A common practice in the exploration for oil, gas and other valuable minerals is to perform seismic exploration in which an acoustic wave is imparted to the earth (including the sea) at or near the surface. The wave travels into the earth and reflects at boundaries between layers of materials of differing acoustic impedance. The reflected waves travel upwardly and may be detected at or near the surface by pluralities of microphones. The signals output by the microphones can be analyzed to determine the time of travel of the acoustic wave from the source to the microphone, and used to generate a representation of the earth's subterranean structure. The recorded signal, referred to as a seismic "trace", can be interpreted by skilled persons to identify likely locations for deposits of oil, gas and other valuable minerals.
One problem which has plagued this seismic exploration art since its inception is the fact that the acoustic waves travel in all directions in the earth, resulting in numerous reflections being recorded. For example, in the ocean exploration case, the wave may travel first downwardly towards the ocean bottom, up again towards the surface, be reflected back down toward the bottom and reflected again before being received at a microphone or "hydrophone." Such a wave is called a "surface multiple" because it reaches the surface twice in its path from the source to the receiver. Surface multiples also occur when the wave travels first into the sea bed, reflects from an interface between rock layers of varying acoustic impedance, travels back upwardly to the surface, back downwardly to the sea bottom or again to an interface between rock layers of varying impedance, and only then up to the source. This too is referred to as a surface multiple. Multiples also occur where the wave is reflected within a given rock layer a plurality of times before being received at the surface. These multiples, however, are not considered surface multiples. It is found, however, that the surface multiples constitute most of the multiples which obscure true seismic events in the recorded hydrophone output signal, or "trace." Multiples can thus be considered as unwanted "noise" in the seismic record, since they obscure the seismic events of interest. Accordingly, it has for a long time been a well recognized need of the art to provide an effective method for removing surface multiples from the seismic record.
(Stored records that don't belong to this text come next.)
lemma ICK_complete:
  assumes T: "cond_mp_axiom \<in> \<Gamma>" and valid: "valid_class TYPE(fm set set) a"
  shows "a \<in> ICK \<Gamma>"
proof (rule ccontr)
  assume "a \<notin> ICK \<Gamma>"
  note countermodel = canonical_countermodel[OF this]
  have "cautious_frame canonical_worlds canonical_le canonical_R"
    by (rule canonical_cautious_frame[OF countermodel(1)])
  moreover have "reflexive_cond canonical_worlds canonical_le canonical_R"
    by (rule canonical_reflexive_cond[OF T])
  ultimately show False
    using valid[unfolded valid_class_def, rule_format] countermodel(2) by blast
qed

end

interpretation iCCT: iCC_extension "iCC_axioms \<union> {cond_mp_axiom}"
  by unfold_locales blast

theorem theorem6p10:
  shows "(\<phi> \<in> iCCT \<longrightarrow> valid_class TYPE('w) \<phi>) \<and>
         (valid_class TYPE(fm set set) \<phi> \<longrightarrow> \<phi> \<in> iCCT)"
proof (intro conjI impI)
  show "valid_class TYPE('w) \<phi>" if "\<phi> \<in> iCCT"
    using iCCT_sound that unfolding valid_class_def by blast
  show "\<phi> \<in> iCCT" if "valid_class TYPE(fm set set) \<phi>"
    unfolding iCCT_def by (rule iCCT.ICK_complete[OF _ that]) simp
qed

end
lemma walk_revisits:
  fixes v :: "nat \<Rightarrow> 'n::finite"
  obtains a b where "a < b" "b \<le> CARD('n)" "v a = v b"
proof -
  have "\<not> inj_on v {0..CARD('n)}"
  proof
    assume "inj_on v {0..CARD('n)}"
    then have "card (v ` {0..CARD('n)}) = Suc CARD('n)" by (simp add: card_image)
    moreover have "card (v ` {0..CARD('n)}) \<le> CARD('n)" by (rule card_mono) auto
    ultimately show False by simp
  qed
  then obtain a b where "a \<le> CARD('n)" "b \<le> CARD('n)" "a \<noteq> b" "v a = v b"
    unfolding inj_on_def by auto
  then show ?thesis using that by (metis linorder_neqE_nat)
qed

lemma walk_shortcut:
  fixes e :: "'v \<Rightarrow> 'v \<Rightarrow> 'b::comm_monoid_mult"
  assumes "a < b" and "b \<le> m" and "v a = v b"
  obtains u where "u 0 = v 0" and "u (m - (b - a)) = v m"
    and "(\<Prod>t<m. e (v t) (v (Suc t)))
         = (\<Prod>t<m - (b - a). e (u t) (u (Suc t))) * (\<Prod>t<b - a. e (v (a + t)) (v (a + Suc t)))"
proof -
  define c where "c = b - a"
  define u where "u t = (if t \<le> a then v t else v (t + c))" for t
  let ?E = "\<lambda>v t. e (v t) (v (Suc t))"
  have u_shift: "u t = v (t + c)" if "a \<le> t" for t
    using that assms by (cases "t = a") (auto simp: u_def c_def)
  have "(\<Prod>t<m. ?E v t) = prod (?E v) {0..<a} * prod (?E v) {a..<b} * prod (?E v) {b..<m}"
    using assms by (simp add: lessThan_atLeast0 prod.atLeastLessThan_concat)
  also have "prod (?E v) {0..<a} = prod (?E u) {0..<a}"
    by (intro prod.cong) (auto simp: u_def)
  also have "prod (?E v) {a..<b} = (\<Prod>t<c. e (v (a + t)) (v (a + Suc t)))"
    using prod.shift_bounds_nat_ivl[of "?E v" 0 a c] assms
    by (simp add: c_def lessThan_atLeast0 add.commute)
  also have "prod (?E v) {b..<m} = prod (?E u) {a..<m - c}"
    using prod.shift_bounds_nat_ivl[of "?E v" a c "m - c"] assms
    by (simp add: c_def u_shift)
  also have "prod (?E u) {0..<a} * (\<Prod>t<c. e (v (a + t)) (v (a + Suc t))) * prod (?E u) {a..<m - c}
      = (prod (?E u) {0..<a} * prod (?E u) {a..<m - c}) * (\<Prod>t<c. e (v (a + t)) (v (a + Suc t)))"
    by (simp only: ac_simps)
  also have "prod (?E u) {0..<a} * prod (?E u) {a..<m - c} = (\<Prod>t<m - c. ?E u t)"
    using assms by (simp add: c_def lessThan_atLeast0 prod.atLeastLessThan_concat)
  finally have "(\<Prod>t<m. ?E v t) = (\<Prod>t<m - c. ?E u t) * (\<Prod>t<c. e (v (a + t)) (v (a + Suc t)))" .
  moreover have "u 0 = v 0" by (simp add: u_def)
  moreover have "u (m - c) = v m" using assms u_shift[of "m - c"] by (simp add: c_def)
  ultimately show thesis using that[of u] unfolding c_def by blast
qed
lemma green_kernel_le_linear:
  assumes t: "0 < t" and s: "0 \<le> s"
  shows "green_kernel \<alpha> t s \<le> s * t powr (\<alpha>-1)"
proof -
  have tt: "t * t powr (\<alpha>-1) = t powr \<alpha>" using t powr_add[of t 1 "\<alpha>-1"] by simp
  show ?thesis
  proof (cases "s \<le> t")
    case True
    have "(t-s) * t powr (\<alpha>-1) \<le> (t-s) powr \<alpha>" using t s True by (intro mult_powr_le_powr) auto
    then show ?thesis using True t tt by (simp add: green_kernel_def algebra_simps)
  next
    case False
    then have "t * t powr (\<alpha>-1) \<le> s * t powr (\<alpha>-1)" by (intro mult_right_mono) auto
    then show ?thesis using False t tt by (simp add: green_kernel_def)
  qed
qed

lemma green_kernel_weight_le:
  assumes s: "0 \<le> s"
  shows "green_kernel \<alpha> t s * weight \<alpha> s \<le> s powr \<alpha> * weight \<alpha> t"
proof -
  define t' where "t' = max t 0"
  have K: "0 \<le> green_kernel \<alpha> t s" "green_kernel \<alpha> t s \<le> t' powr \<alpha>" "green_kernel \<alpha> t s \<le> s powr \<alpha>"
    using green_kernel_nonneg[OF s] green_kernel_le_powr[OF s] by (auto simp: green_kernel_def t'_def)
  have wt: "weight \<alpha> t = 1 + t' powr \<alpha>" and ws: "weight \<alpha> s = 1 + s powr \<alpha>"
    using s by (simp_all add: weight_def t'_def)
  show ?thesis
  proof (cases "t' \<le> s")
    case True
    have "t' powr \<alpha> \<le> s powr \<alpha>" using True \<alpha>0 by (intro powr_mono2) (auto simp: t'_def)
    then have "t' powr \<alpha> * (1 + s powr \<alpha>) \<le> s powr \<alpha> * (1 + t' powr \<alpha>)"
      by (simp add: algebra_simps)
    moreover have "green_kernel \<alpha> t s * (1 + s powr \<alpha>) \<le> t' powr \<alpha> * (1 + s powr \<alpha>)"
      using K by (intro mult_right_mono) auto
    ultimately show ?thesis unfolding wt ws by linarith
  next
    case False
    have "s powr \<alpha> \<le> t' powr \<alpha>" using False s \<alpha>0 by (intro powr_mono2) auto
    then have "green_kernel \<alpha> t s * (1 + s powr \<alpha>) \<le> s powr \<alpha> * (1 + t' powr \<alpha>)"
      using K by (intro mult_mono) auto
    then show ?thesis unfolding wt ws .
  qed
qed

end

section \<open>The fixed-point problem\<close>

locale fde_data =
  fixes \<alpha> T k :: real and a :: "real \<Rightarrow> real"
  assumes \<alpha>0: "0 < \<alpha>" and \<alpha>1: "\<alpha> < 1"
    and a_cont: "continuous_on {0..} a"
    and T0: "0 < T"
    and a_tail: "(\<lambda>s. s powr (1 + \<alpha>) * \<bar>a s\<bar>) integrable_on {T..}"
    and k_eq: "max 1 (T powr \<alpha>) / Gamma (1 + \<alpha>) *
           (integral {0..T} (\<lambda>s. \<bar>a s\<bar>) + integral {T..} (\<lambda>s. s powr \<alpha> * \<bar>a s\<bar>)) = k"
    and k_less_1: "k < 1"
begin

declare borel_measurable_weight[OF \<alpha>0 \<alpha>1, measurable]
  borel_measurable_green_kernel[OF \<alpha>0 \<alpha>1, measurable]

lemma Gamma_1_plus_\<alpha>_pos: "0 < Gamma (1 + \<alpha>)"
  using \<alpha>0 by (intro Gamma_real_pos) simp

lemma Gamma_1_plus_\<alpha>_nonzero: "Gamma (1 + \<alpha>) \<noteq> 0"
  using Gamma_1_plus_\<alpha>_pos by linarith

definition a_ext :: "real \<Rightarrow> real" where
  "a_ext s = a (max s 0)"

lemma a_ext_eq: "0 \<le> s \<Longrightarrow> a_ext s = a s"
  by (simp add: a_ext_def)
Various prior art methods have been tried for removal of surface multiples from recorded traces. It has been noted, for example, that the travel time for a surface multiple, the path of which is entirely in the water during an oceanographic expedition, is a function of the "offset", the distance between the source and receiver, and the number of times the multiple reflects from the surface. For example, if the multiple reflects from the surface once before being received by the microphone and the offset is zero, the multiple's travel time is exactly twice that of the principal waves. This fact has been used in various schemes to remove multiples.
Other methods involve complex ray tracing schemes which generate a synthetic multiple wave and subtract it. from the actual wave to obtain a supposedly multiple free record. However, these methods are very awkward in that they require significant knowledge of the subsea structure as well as the ocean bottom configuration before the synthetic wave can be generated. Similar synthetic multiples can be generated using more accurate methods not directly involving ray tracing, e.g., field propagation techniques, but again these require detailed knowledge of at least the ocean bottom, as well as the shape of the subsea interfaces, and so are not as practical as would be desired.